Disclosure: An environmental activist (didn’t catch the name) put me in a weird headspace for Middle Ground’s poppy, upper-register Americana-lite while the band was still tuning up. With effort, this guy insisted, San Antonio could be the vegan, low-flow-toilet mecca his home state of Oregon has become. Had his proclamation preceded a show in the White Rabbit’s back room, I’d have laughed in this dude’s face, but at the Farm — what amounts to a back yard, where the flip-flopped crowd sits on tree stumps and hay bales, discussing newly launched greenie website echotown.net and sipping Texas beer from a by-donation-only keg — his flower-child optimism seems less deluded.
It’s not Middle Ground’s fault that their music makes a better soundtrack for the kind of party where the keg winds up covered in vomit than an against-all-odds left-wing revolt.
Sometimes-bassist Ross Renker favors the cello instead, and guitarist Emanuel Meza is just as likely to swap for a mandolin, leaving Middle Ground with no low-end to speak of, constructing songs so sunny and light they cast no shadow. Opener “Hell Bent” rides Meza’s decidedly not-evil mandolin riff away from its stated destination, concluding the titular line with “and heaven bound.”
Singer Kelly Miller, who pounds away at a bottle of Southern Comfort between songs, has enough twang and gravel in his voice to sell the band’s Texas country angle, but betrays enough emotional sensitivity in his delivery to’ve fronted a second-wave alt-rock act in the mid-’90s. Solo number “Sometimes,” for which Miller strums his own accompaniment on the acoustic while the rest of the band refills, would be ripe for fresh-new-artist status on VH1, if the network ran anything but Gen-X nostalgia porn these days.
Throughout the set, people with unstyled hair chat hopefully about San Antonio’s progressive future with no trace of cynicism. And I’d honestly believed there was an I-35 checkpoint preventing these types from migrating south of Austin.

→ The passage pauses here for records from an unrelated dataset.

(* When Algorithm A (described below) is applied to a sequence $\epsilon$, producing $\epsilon'$, there is no position $i$ that is a transient occurrence of $q$.
   Context: The reduction of an integer word replaces each occurrence of its $k$-th smallest distinct value by $k-1$; a consecutive pattern $\underline{p_1p_2p_3p_4}$ occurs in a sequence at position $i$ if the reduction of its entries in positions $i,\dots,i+3$ equals $p_1p_2p_3p_4$. Let $p=\underline{0102}$ and $q=\underline{0112}$. Algorithm A, on input an integer sequence $\mathrm{seq}=\epsilon_1\cdots\epsilon_n$: let $E_p$, $E_q$ be the sets of positions of occurrences of $p$, resp. $q$, in the input sequence; set $\mathrm{last}:=$ null. For $i=1,2,\dots,n$ in order: let $N_p,N_q$ be the sets of positions of occurrences of $p$, resp. $q$, in the current sequence. If $i-2\in E_p$: set $\mathrm{last}:=\mathrm{seq}[i]$ and $\mathrm{seq}[i]:=\mathrm{seq}[i-1]$. Else if $i-2\in E_q$: set $\mathrm{last}:=\mathrm{seq}[i]$ and $\mathrm{seq}[i]:=\mathrm{seq}[i-2]$. Else if $i-2\in N_p$ or $i-2\in N_q$: swap the values of $\mathrm{seq}[i]$ and $\mathrm{last}$. Output $\mathrm{seq}$. With $\epsilon$ the input and $\epsilon'$ the output: position $i$ is an original occurrence of $q$ if $\epsilon_i<\epsilon_{i+1}=\epsilon_{i+2}<\epsilon_{i+3}$; it is a transient occurrence of $q$ if it is not an original occurrence of $q$ but $\epsilon'_i<\epsilon_{i+1}=\epsilon_{i+2}<\epsilon_{i+3}$. *)

theory Defs
  imports Main
begin

text \<open>Sequences are lists of integers; positions are 1-based as in the paper:
  position j of w is w ! (j - 1).\<close>

definition red :: "int list \<Rightarrow> nat list" where
  "red w = map (\<lambda>x. card {y \<in> set w. y < x}) w"

definition occ :: "nat list \<Rightarrow> int list \<Rightarrow> nat \<Rightarrow> bool" where
  "occ pat w i \<longleftrightarrow> 1 \<le> i \<and> i + 3 \<le> length w \<and> red (take 4 (drop (i - 1) w)) = pat"

definition patP :: "nat list" where "patP = [0,1,0,2]"
definition patQ :: "nat list" where "patQ = [0,1,1,2]"

text \<open>One iteration (index i, 1-based) of Algorithm A. The state is the current
  sequence together with the variable last (None = null). Ep, Eq are the
  occurrence sets of p, q in the input.\<close>
definition stepA :: "nat set \<Rightarrow> nat set \<Rightarrow> nat \<Rightarrow> int list \<times> int option \<Rightarrow> int list \<times> int option" where
  "stepA Ep Eq i st = (let s = fst st; last = snd st in
     if 3 \<le> i \<and> i - 2 \<in> Ep then (s[i - 1 := s ! (i - 2)], Some (s ! (i - 1)))
     else if 3 \<le> i \<and> i - 2 \<in> Eq then (s[i - 1 := s ! (i - 3)], Some (s ! (i - 1)))
     else if 3 \<le> i \<and> (occ patP s (i - 2) \<or> occ patQ s (i - 2)) then
       (case last of Some v \<Rightarrow> (s[i - 1 := v], Some (s ! (i - 1))) | None \<Rightarrow> (s, last))
     else (s, last))"

definition algA :: "int list \<Rightarrow> int list" where
  "algA eps = fst (fold (stepA {j. occ patP eps j} {j. occ patQ eps j})
                        [1..<length eps + 1] (eps, None))"

definition orig_occ_q :: "int list \<Rightarrow> nat \<Rightarrow> bool" where
  "orig_occ_q eps i \<longleftrightarrow> 1 \<le> i \<and> i + 3 \<le> length eps \<and>
     eps ! (i - 1) < eps ! i \<and> eps ! i = eps ! (i + 1) \<and> eps ! (i + 1) < eps ! (i + 2)"

definition transient_occ_q :: "int list \<Rightarrow> int list \<Rightarrow> nat \<Rightarrow> bool" where
  "transient_occ_q eps eps' i \<longleftrightarrow> 1 \<le> i \<and> i + 3 \<le> length eps \<and>
     \<not> orig_occ_q eps i \<and>
     eps' ! (i - 1) < eps ! i \<and> eps ! i = eps ! (i + 1) \<and> eps ! (i + 1) < eps ! (i + 2)"

end

theory Submission
  imports Defs
begin

text \<open>Algorithm A only ever overwrites the i-th entry when p or q occurs at position i - 2,
  either in the input or in the current sequence, which still agrees with the input from
  position i on. Both patterns end in an ascent, so every entry of the output that differs
  from the input sits at an ascent \<open>\<epsilon>\<^sub>i < \<epsilon>\<^sub>i\<^sub>+\<^sub>1\<close> of the input. A transient occurrence
  of q at i would need \<open>\<epsilon>'\<^sub>i \<noteq> \<epsilon>\<^sub>i\<close>, hence \<open>\<epsilon>\<^sub>i < \<epsilon>\<^sub>i\<^sub>+\<^sub>1\<close>, making i an original occurrence.\<close>

definition ascent :: "int list \<Rightarrow> nat \<Rightarrow> bool" where
  "ascent w m \<longleftrightarrow> m + 1 < length w \<and> w ! m < w ! (m + 1)"

definition edited_only_at_ascents :: "int list \<Rightarrow> nat \<Rightarrow> int list \<Rightarrow> bool" where
  "edited_only_at_ascents eps k s \<longleftrightarrow> length s = length eps \<and>
     (\<forall>m < length eps. s ! m \<noteq> eps ! m \<longrightarrow> m < k \<and> ascent eps m)"

lemma red_nth_less_imp_less:
  assumes "a < length w" "b < length w" "red w ! a < red w ! b"
  shows "w ! a < w ! b"
proof (rule ccontr)
  assume "\<not> w ! a < w ! b"
  then have "{y \<in> set w. y < w ! b} \<subseteq> {y \<in> set w. y < w ! a}" by auto
  then have "card {y \<in> set w. y < w ! b} \<le> card {y \<in> set w. y < w ! a}"
    by (intro card_mono) auto
  with assms show False by (simp add: red_def)
qed

lemma occ_ascent:
  assumes "occ pat w j" "pat ! 2 < pat ! 3"
  shows "ascent w (j + 1)"
proof -
  let ?v = "take 4 (drop (j - 1) w)"
  have j: "1 \<le> j" "j + 3 \<le> length w" and "red ?v = pat"
    using assms(1) by (auto simp: occ_def)
  then have "?v ! 2 < ?v ! 3"
    using assms(2) by (intro red_nth_less_imp_less) auto
  with j show ?thesis by (simp add: ascent_def nth_drop)
qed

lemma occ_patP_or_patQ_ascent:
  assumes "occ patP w j \<or> occ patQ w j"
  shows "ascent w (j + 1)"
  using assms occ_ascent[of patP] occ_ascent[of patQ] by (auto simp: patP_def patQ_def)

lemma fst_stepA_cases:
  obtains "fst (stepA Ep Eq i st) = fst st"
  | v where "fst (stepA Ep Eq i st) = (fst st)[i - 1 := v]" "3 \<le> i"
      "i - 2 \<in> Ep \<or> i - 2 \<in> Eq \<or> occ patP (fst st) (i - 2) \<or> occ patQ (fst st) (i - 2)"
proof -
  have "fst (stepA Ep Eq i st) = fst st \<or>
    (\<exists>v. fst (stepA Ep Eq i st) = (fst st)[i - 1 := v] \<and> 3 \<le> i \<and>
      (i - 2 \<in> Ep \<or> i - 2 \<in> Eq \<or> occ patP (fst st) (i - 2) \<or> occ patQ (fst st) (i - 2)))"
    by (cases "snd st") (auto simp: stepA_def Let_def)
  with that show thesis by blast
qed

lemma stepA_edited_only_at_ascents:
  assumes edits: "edited_only_at_ascents eps k (fst st)"
  shows "edited_only_at_ascents eps (Suc k)
           (fst (stepA {j. occ patP eps j} {j. occ patQ eps j} (Suc k) st))"
proof -
  let ?s = "fst st"
  have weakened: "edited_only_at_ascents eps (Suc k) ?s"
    using edits by (auto simp: edited_only_at_ascents_def)
  show ?thesis
  proof (cases rule: fst_stepA_cases[of "{j. occ patP eps j}" "{j. occ patQ eps j}" "Suc k" st])
    case 1
    with weakened show ?thesis by simp
  next
    case (2 v)
    then obtain j where k: "k = Suc j"
      and occ: "occ patP eps j \<or> occ patQ eps j \<or> occ patP ?s j \<or> occ patQ ?s j"
      by (cases k) auto
    have len: "length ?s = length eps"
      using edits by (simp add: edited_only_at_ascents_def)
    have "ascent eps k \<or> ascent ?s k"
      using occ occ_patP_or_patQ_ascent[of eps j] occ_patP_or_patQ_ascent[of ?s j]
      by (auto simp: k)
    moreover have agrees_from_k: "?s ! m = eps ! m" if "k \<le> m" "m < length eps" for m
      using edits that by (auto simp: edited_only_at_ascents_def)
    ultimately have "ascent eps k"
      by (auto simp: ascent_def len)
    with 2(1) weakened show ?thesis
      by (auto simp: edited_only_at_ascents_def) (metis nth_list_update_neq)
  qed
qed

lemma fold_stepA_edited_only_at_ascents:
  "edited_only_at_ascents eps k
     (fst (fold (stepA {j. occ patP eps j} {j. occ patQ eps j}) [1..<k + 1] (eps, None)))"
proof (induction k)
  case 0
  then show ?case by (simp add: edited_only_at_ascents_def)
next
  case (Suc k)
  then show ?case using stepA_edited_only_at_ascents[OF Suc] by simp
qed

lemma algA_nth_changed_imp_ascent:
  assumes "m < length eps" "algA eps ! m \<noteq> eps ! m"
  shows "ascent eps m"
  using assms fold_stepA_edited_only_at_ascents[of eps "length eps"]
  by (simp add: algA_def edited_only_at_ascents_def)

theorem corollary1:
  fixes eps :: "int list"
  shows "\<not> (\<exists>i. transient_occ_q eps (algA eps) i)"
proof
  assume "\<exists>i. transient_occ_q eps (algA eps) i"
  then obtain i where t: "transient_occ_q eps (algA eps) i" ..
  then have i: "Suc (i - 1) = i" "i - 1 < length eps"
    and changed: "algA eps ! (i - 1) \<noteq> eps ! (i - 1)"
    by (auto simp: transient_occ_q_def orig_occ_q_def)
  then have "eps ! (i - 1) < eps ! i"
    using algA_nth_changed_imp_ascent by (fastforce simp: ascent_def)
  with t show False
    by (auto simp: transient_occ_q_def orig_occ_q_def)
qed

end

“Revolution,” despite its veiled Katrina references and claims that “the revolution’s rising,” is really an appeal to reasonable compromise, lubricated by Sophie Severance’s fluid fiddle accents. Meanwhile, a man helps curious passers-by to balance on a wire strung between two trees; other audience members seem too mellowed to even stand up. Your guess is as good as mine.